Manukau City has a "vision" of usurping Wellington's crown as self-appointed "events centre of New Zealand". To help make it happen, Councillor John Walker, a one-man event centre in his athletic heyday, wants the city to more than double its events sponsorship budget to $1 million a year.
With Wellington spending around $9 million a year on the same mission, Mr Walker seems to be drifting off into three-minute mile territory here.
But you do have to despair at the parochialness of it all. Instead of creating inter-city battles over which council attracts the most events, councillors should be thinking how best to spend the ratepayers' hard-earned events dollar.
I'm not arguing against councils providing seed money for events, I'm just suggesting that turning it into a competition with other cities is not the best approach.
As one of the four major cities, and three tiddlers, that make up Auckland proper, Manukau should be looking to co-operate with its neighbours in joint sponsorships.
Councillors should forget Wellington and all its blather about being biggest and best and concentrate instead on what's best for Manukau and the region.
Wanting to steal Wellington's thunder reminds me of Manukau councillor Su'a William Sio's desire in March last year to hijack the Pasifika Festival from its traditional Western Springs venue in Auckland City and repatriate it to what he called its "natural home" of Otara.
I asked at the time whether Mr Sio was willing to find the $132,000 a year Auckland City ratepayers gave the event, and guarantee the additional $200,000 in sponsorship and stall rentals, but there was no reply.
He argued Pasifika belonged in Manukau because more people of Polynesian descent lived in his city than in Auckland. Glancing through a list of Manukau's current "premier events" sponsorships, this ethnic specialness is hardly to the fore. The biggest handout is the $100,000 for the Ellerslie Flower Show, a very palagi event. Another $120,000 goes to polo and horse and pony shows - three times the $40,000 going to the annual secondary schools cultural festival.
Another $40,000 has gone to something I've never heard of, the Supergames. Turns out this sporting event for the world's armed forces, emergency services and law enforcement agencies took place in March this year. Where? The Supergames website said it took place in, wait for it, Auckland, New Zealand.
Poor old Manukau spent $40,000 and what does the introductory come-on blurb on the website say? "Supergames offers you the opportunity to join other service personnel in a sporting extravaganza staged in one of the world's most stunning holiday destinations, Auckland, New Zealand." Manukau City gets its first mention in paragraph seven.
The lesson, surely, is that we Aucklanders should be doing these things together. Everyone else sees us as one city, so why kid around?
The continuing fiasco of the V8 supercar race is a perfect illustration of how not to do something. Seven years ago three - or was it four? - councils were played off against one another by the promoters over rival street circuits by the old Auckland Railway Station, or through Henderson, or on the Whenuapai Air Base or at Pukekohe. Pukekohe won.

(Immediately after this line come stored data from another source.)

(* Let $\Omega\subset\mathbb{R}^d$ be an open set and let $(g^{ij})_{1\le i,j\le d}$ be a symmetric matrix of functions on $\Omega$ which is positive definite at every point of $\Omega$ and such that every entry $g^{ij}$ is a polynomial in $(x_1,\dots,x_d)$ of degree at most $2$. Write $\Gamma(f,g)=\sum_{i,j} g^{ij}\partial_i f\,\partial_j g$. Let $P_1,\dots,P_n$ be polynomials which are positive on $\Omega$ and such that for every $r\in\{1,\dots,n\}$ and every $i\in\{1,\dots,d\}$, $$\Gamma(x_i,\log P_r)=\sum_{j} g^{ij}\,\partial_j \log P_r = L_{i,r},$$ where each $L_{i,r}$ is a polynomial of degree at most $1$. For $(\alpha_1,\dots,\alpha_n)\in\mathbb{R}^n$, let $\rho=P_1^{\alpha_1}\cdots P_n^{\alpha_n}$ and let $\mathcal{L}_{\alpha_1,\dots,\alpha_n}$ be the operator on smooth functions on $\Omega$ given by $$\mathcal{L}_{\alpha_1,\dots,\alpha_n} f=\frac{1}{\rho}\sum_{i,j}\partial_i\big(\rho\, g^{ij}\partial_j f\big)=\sum_{i,j}g^{ij}\partial^2_{ij}f+\sum_i b^i\partial_i f,\qquad b^i=\sum_j\big(\partial_j g^{ij}+g^{ij}\partial_j\log\rho\big).$$ Then there exist constants $c_1,\dots,c_n$ (not depending on the $\alpha$'s) such that for every $(\alpha_1,\dots,\alpha_n)$ the function $h=P_1^{-\alpha_1}\cdots P_n^{-\alpha_n}$ satisfies $$\mathcal{L}_{\alpha_1,\dots,\alpha_n}(h)=-\Big(\sum_{r}\alpha_r c_r\Big)h,$$ and moreover the $h$-transform of $\mathcal{L}_{\alpha_1,\dots,\alpha_n}$ by $h$ equals $\mathcal{L}_{-\alpha_1,\dots,-\alpha_n}$.
   Context: $\mathcal{L}_{\alpha_1,\dots,\alpha_n}$ is the symmetric diffusion operator associated with the carré du champ $\Gamma$ and the measure $\mu_{\alpha_1,\dots,\alpha_n}$ with density $P_1^{\alpha_1}\cdots P_n^{\alpha_n}$ with respect to Lebesgue measure on $\Omega$. For a diffusion operator $\mathcal{L}$ and a positive function $h$ with $\mathcal{L}(h)=\lambda h$ for a constant $\lambda$, the $h$-transform of $\mathcal{L}$ is the operator $\mathcal{L}^{(h)}(f)=\frac{1}{h}\mathcal{L}(hf)-\lambda f$ (equivalently $\mathcal{L}^{(h)}f=\mathcal{L}f+2\Gamma(\log h,f)$). *)

theory Defs
  imports "HOL-Analysis.Analysis"
begin

definition pd :: "'d::finite \<Rightarrow> (real^'d \<Rightarrow> real) \<Rightarrow> real^'d \<Rightarrow> real" where
  "pd i f x = deriv (\<lambda>t. f (x + t *\<^sub>R axis i 1)) 0"

fun iter_pd :: "'d::finite list \<Rightarrow> (real^'d \<Rightarrow> real) \<Rightarrow> real^'d \<Rightarrow> real" where
  "iter_pd [] f = f"
| "iter_pd (i # is) f = pd i (iter_pd is f)"

definition smooth_on :: "(real^'d::finite) set \<Rightarrow> (real^'d \<Rightarrow> real) \<Rightarrow> bool" where
  "smooth_on \<Omega> f \<longleftrightarrow> (\<forall>is. iter_pd is f differentiable_on \<Omega>)"

inductive_set poly_fun :: "(real^'d::finite \<Rightarrow> real) set" where
  const: "(\<lambda>x. c) \<in> poly_fun"
| coord: "(\<lambda>x. x $ k) \<in> poly_fun"
| add: "p \<in> poly_fun \<Longrightarrow> q \<in> poly_fun \<Longrightarrow> (\<lambda>x. p x + q x) \<in> poly_fun"
| mult: "p \<in> poly_fun \<Longrightarrow> q \<in> poly_fun \<Longrightarrow> (\<lambda>x. p x * q x) \<in> poly_fun"

definition poly_deg_le1 :: "(real^'d::finite \<Rightarrow> real) \<Rightarrow> bool" where
  "poly_deg_le1 p \<longleftrightarrow> (\<exists>a b. p = (\<lambda>x. a + (\<Sum>k\<in>UNIV. b k * x $ k)))"

definition poly_deg_le2 :: "(real^'d::finite \<Rightarrow> real) \<Rightarrow> bool" where
  "poly_deg_le2 p \<longleftrightarrow> (\<exists>a b c. p = (\<lambda>x. a + (\<Sum>k\<in>UNIV. b k * x $ k)
        + (\<Sum>k\<in>UNIV. \<Sum>l\<in>UNIV. c k l * x $ k * x $ l)))"

definition Gamma :: "('d::finite \<Rightarrow> 'd \<Rightarrow> real^'d \<Rightarrow> real) \<Rightarrow> (real^'d \<Rightarrow> real)
    \<Rightarrow> (real^'d \<Rightarrow> real) \<Rightarrow> real^'d \<Rightarrow> real" where
  "Gamma g f1 f2 x = (\<Sum>i\<in>UNIV. \<Sum>j\<in>UNIV. g i j x * pd i f1 x * pd j f2 x)"

definition dens :: "nat \<Rightarrow> (nat \<Rightarrow> real^'d::finite \<Rightarrow> real) \<Rightarrow> (nat \<Rightarrow> real) \<Rightarrow> real^'d \<Rightarrow> real" where
  "dens n P \<alpha> x = (\<Prod>r<n. P r x powr \<alpha> r)"

definition Lop :: "('d::finite \<Rightarrow> 'd \<Rightarrow> real^'d \<Rightarrow> real) \<Rightarrow> nat \<Rightarrow> (nat \<Rightarrow> real^'d \<Rightarrow> real)
    \<Rightarrow> (nat \<Rightarrow> real) \<Rightarrow> (real^'d \<Rightarrow> real) \<Rightarrow> real^'d \<Rightarrow> real" where
  "Lop g n P \<alpha> f x =
     (\<Sum>i\<in>UNIV. \<Sum>j\<in>UNIV. g i j x * pd i (pd j f) x)
   + (\<Sum>i\<in>UNIV. (\<Sum>j\<in>UNIV. pd j (g i j) x + g i j x * pd j (\<lambda>y. ln (dens n P \<alpha> y)) x) * pd i f x)"

end

theory Submission
  imports Defs
begin

text \<open>Write \<open>\<phi> = log \<rho> = \<Sum>_r \<alpha>_r log P_r\<close>, so that \<open>L_\<alpha> f = e^{-\<phi>} div (e^\<phi> g \<nabla>f)\<close>
  and \<open>h = e^{-\<phi>}\<close>. Then \<open>e^\<phi> g \<nabla>h = - g \<nabla>\<phi>\<close>, hence \<open>L_\<alpha> h = - div (g \<nabla>\<phi>) h\<close>.
  The components of \<open>g \<nabla>\<phi>\<close> are \<open>\<Sum>_r \<alpha>_r \<Gamma>(x_i, log P_r) = \<Sum>_r \<alpha>_r L_{i,r}\<close>, which are affine,
  so this divergence is the constant \<open>\<Sum>_r \<alpha>_r c_r\<close> with \<open>c_r = \<Sum>_i \<partial>_i L_{i,r}\<close>.
  For the \<open>h\<close>-transform, the Leibniz rule \<open>L(hf) = f Lh + h Lf + 2 \<Gamma>(h,f)\<close> together with
  \<open>\<Gamma>(h,f) = - h \<Gamma>(\<phi>,f)\<close> shows that \<open>(1/h) L(hf) - \<lambda> f\<close> is the operator with drift
  \<open>g \<nabla>\<phi>\<close> replaced by \<open>- g \<nabla>\<phi>\<close>, which is \<open>L_{-\<alpha>}\<close>.\<close>

section \<open>Partial derivatives\<close>

lemma pd_has_derivative:
  assumes "(f has_derivative D) (at x)"
  shows "pd i f x = D (axis i 1)"
proof -
  have "((\<lambda>t::real. x + t *\<^sub>R axis i 1) has_derivative (\<lambda>t. t *\<^sub>R axis i 1)) (at 0)"
    by (auto intro!: derivative_eq_intros)
  from diff_chain_at[OF this] assms
  have "((\<lambda>t. f (x + t *\<^sub>R axis i 1)) has_derivative (\<lambda>t. D (t *\<^sub>R axis i 1))) (at 0)"
    by (simp add: o_def)
  moreover have "(\<lambda>t. D (t *\<^sub>R axis i 1)) = (*) (D (axis i 1))"
    using has_derivative_linear[OF assms] by (auto simp: linear_scale)
  ultimately show ?thesis
    unfolding pd_def by (intro DERIV_imp_deriv) (simp add: has_field_derivative_def)
qed

lemma pd_cong:
  assumes "open S" "x \<in> S" "\<And>y. y \<in> S \<Longrightarrow> f y = g y"
  shows "pd i f x = pd i g x"
proof -
  obtain e where e: "e > 0" "ball x e \<subseteq> S" using assms(1,2) open_contains_ball by blast
  have "\<forall>\<^sub>F t in nhds 0. f (x + t *\<^sub>R axis i 1) = g (x + t *\<^sub>R axis i 1)"
    unfolding eventually_nhds_metric
    using e assms(3) by (intro exI[of _ e]) (auto simp: dist_norm subset_iff)
  then show ?thesis unfolding pd_def by (rule deriv_cong_ev) simp
qed

lemma differentiable_transform_open:
  assumes "open S" "x \<in> S" "\<And>y. y \<in> S \<Longrightarrow> f y = g y" "g differentiable at x"
  shows "f differentiable at x"
  using assms has_derivative_transform_within_open[of g _ x UNIV S f]
  unfolding differentiable_def by metis

lemma differentiable_at_exp:
  fixes f :: "real^'d::finite \<Rightarrow> real"
  assumes "f differentiable at x"
  shows "(\<lambda>y. exp (f y)) differentiable at x"
proof -
  obtain D where "(f has_derivative D) (at x)"
    using assms unfolding differentiable_def by blast
  from has_derivative_exp[OF this] show ?thesis unfolding differentiable_def by blast
qed

lemma differentiable_at_ln:
  fixes f :: "real^'d::finite \<Rightarrow> real"
  assumes "f differentiable at x" "f x > 0"
  shows "(\<lambda>y. ln (f y)) differentiable at x"
proof -
  obtain D where "(f has_derivative D) (at x)"
    using assms unfolding differentiable_def by blast
  from has_derivative_ln[OF assms(2) this] show ?thesis unfolding differentiable_def by blast
qed

lemma differentiable_coord: "(\<lambda>x::real^'d::finite. x $ k) differentiable at z"
  by (rule bounded_linear_imp_differentiable[OF bounded_linear_vec_nth])

lemma pd_const [simp]: "pd i (\<lambda>y. c) x = 0"
  by (simp add: pd_has_derivative[OF has_derivative_const])

lemma pd_coord: "pd i (\<lambda>y. y $ k) x = (if i = k then 1 else 0)"
  by (simp add: pd_has_derivative[OF bounded_linear_imp_has_derivative[OF bounded_linear_vec_nth]]
      axis_def eq_commute)

lemma pd_add:
  assumes "f differentiable at x" "g differentiable at x"
  shows "pd i (\<lambda>y. f y + g y) x = pd i f x + pd i g x"
proof -
  obtain Df Dg where "(f has_derivative Df) (at x)" "(g has_derivative Dg) (at x)"
    using assms unfolding differentiable_def by blast
  then show ?thesis
    by (simp add: pd_has_derivative pd_has_derivative[OF has_derivative_add])
qed

lemma pd_mult:
  assumes "f differentiable at x" "g differentiable at x"
  shows "pd i (\<lambda>y. f y * g y) x = pd i f x * g x + f x * pd i g x"
proof -
  obtain Df Dg where "(f has_derivative Df) (at x)" "(g has_derivative Dg) (at x)"
    using assms unfolding differentiable_def by blast
  then show ?thesis
    by (simp add: pd_has_derivative pd_has_derivative[OF has_derivative_mult])
qed

lemma pd_minus:
  assumes "f differentiable at x"
  shows "pd i (\<lambda>y. - f y) x = - pd i f x"
proof -
  obtain Df where "(f has_derivative Df) (at x)"
    using assms unfolding differentiable_def by blast
  then show ?thesis by (simp add: pd_has_derivative pd_has_derivative[OF has_derivative_minus])
qed

lemma pd_cmult:
  "f differentiable at x \<Longrightarrow> pd i (\<lambda>y. c * f y) x = c * pd i f x"
  using pd_mult[OF differentiable_const] by simp

lemma pd_sum:
  assumes "finite A" "\<And>a. a \<in> A \<Longrightarrow> f a differentiable at x"
  shows "pd i (\<lambda>y. \<Sum>a\<in>A. f a y) x = (\<Sum>a\<in>A. pd i (f a) x)"
  using assms
proof (induction A rule: finite_induct)
  case (insert a A)
  then show ?case by (simp add: pd_add differentiable_sum)
qed simp

lemma pd_exp:
  assumes "f differentiable at x"
  shows "pd i (\<lambda>y. exp (f y)) x = exp (f x) * pd i f x"
proof -
  obtain Df where "(f has_derivative Df) (at x)"
    using assms unfolding differentiable_def by blast
  then show ?thesis by (simp add: pd_has_derivative pd_has_derivative[OF has_derivative_exp])
qed

lemma pd_ln:
  assumes "f differentiable at x" "f x > 0"
  shows "pd i (\<lambda>y. ln (f y)) x = pd i f x / f x"
proof -
  obtain Df where Df: "(f has_derivative Df) (at x)"
    using assms unfolding differentiable_def by blast
  then show ?thesis
    by (simp add: pd_has_derivative pd_has_derivative[OF has_derivative_ln[OF assms(2) Df]]
        divide_inverse mult.commute)
qed

definition twice_pd_differentiable_on :: "(real^'d::finite) set \<Rightarrow> (real^'d \<Rightarrow> real) \<Rightarrow> bool"
  where "twice_pd_differentiable_on S f \<longleftrightarrow>
    (\<forall>y\<in>S. f differentiable at y \<and> (\<forall>j. pd j f differentiable at y))"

Now we're in the midst of another costly - to ratepayers - round of argy-bargy.
The sensible solution would have been for the region as a whole to decide first whether car racing was something we wanted and, if so, where best it could be accommodated. We could then decide, on a regional basis, what subsidy, if any, would be available, and where that would come from.
At the time of Mr Sio's comments, I wrote of the craziness of the region hosting only days apart the two largest Pacific Island festivals in the world - Pasifika in central Auckland and the secondary schools cultural festival in Manukau City - without any joint marketing or promotional or organisational co-operation. There still isn't any.
The Auckland Festival is another example of how Aucklanders make things so hard for ourselves. With a bit of co-operation we could be not just the events centre of New Zealand but the centre of everything.
But I suspect Wellington has nothing to worry about. Team sport is not really Auckland's thing.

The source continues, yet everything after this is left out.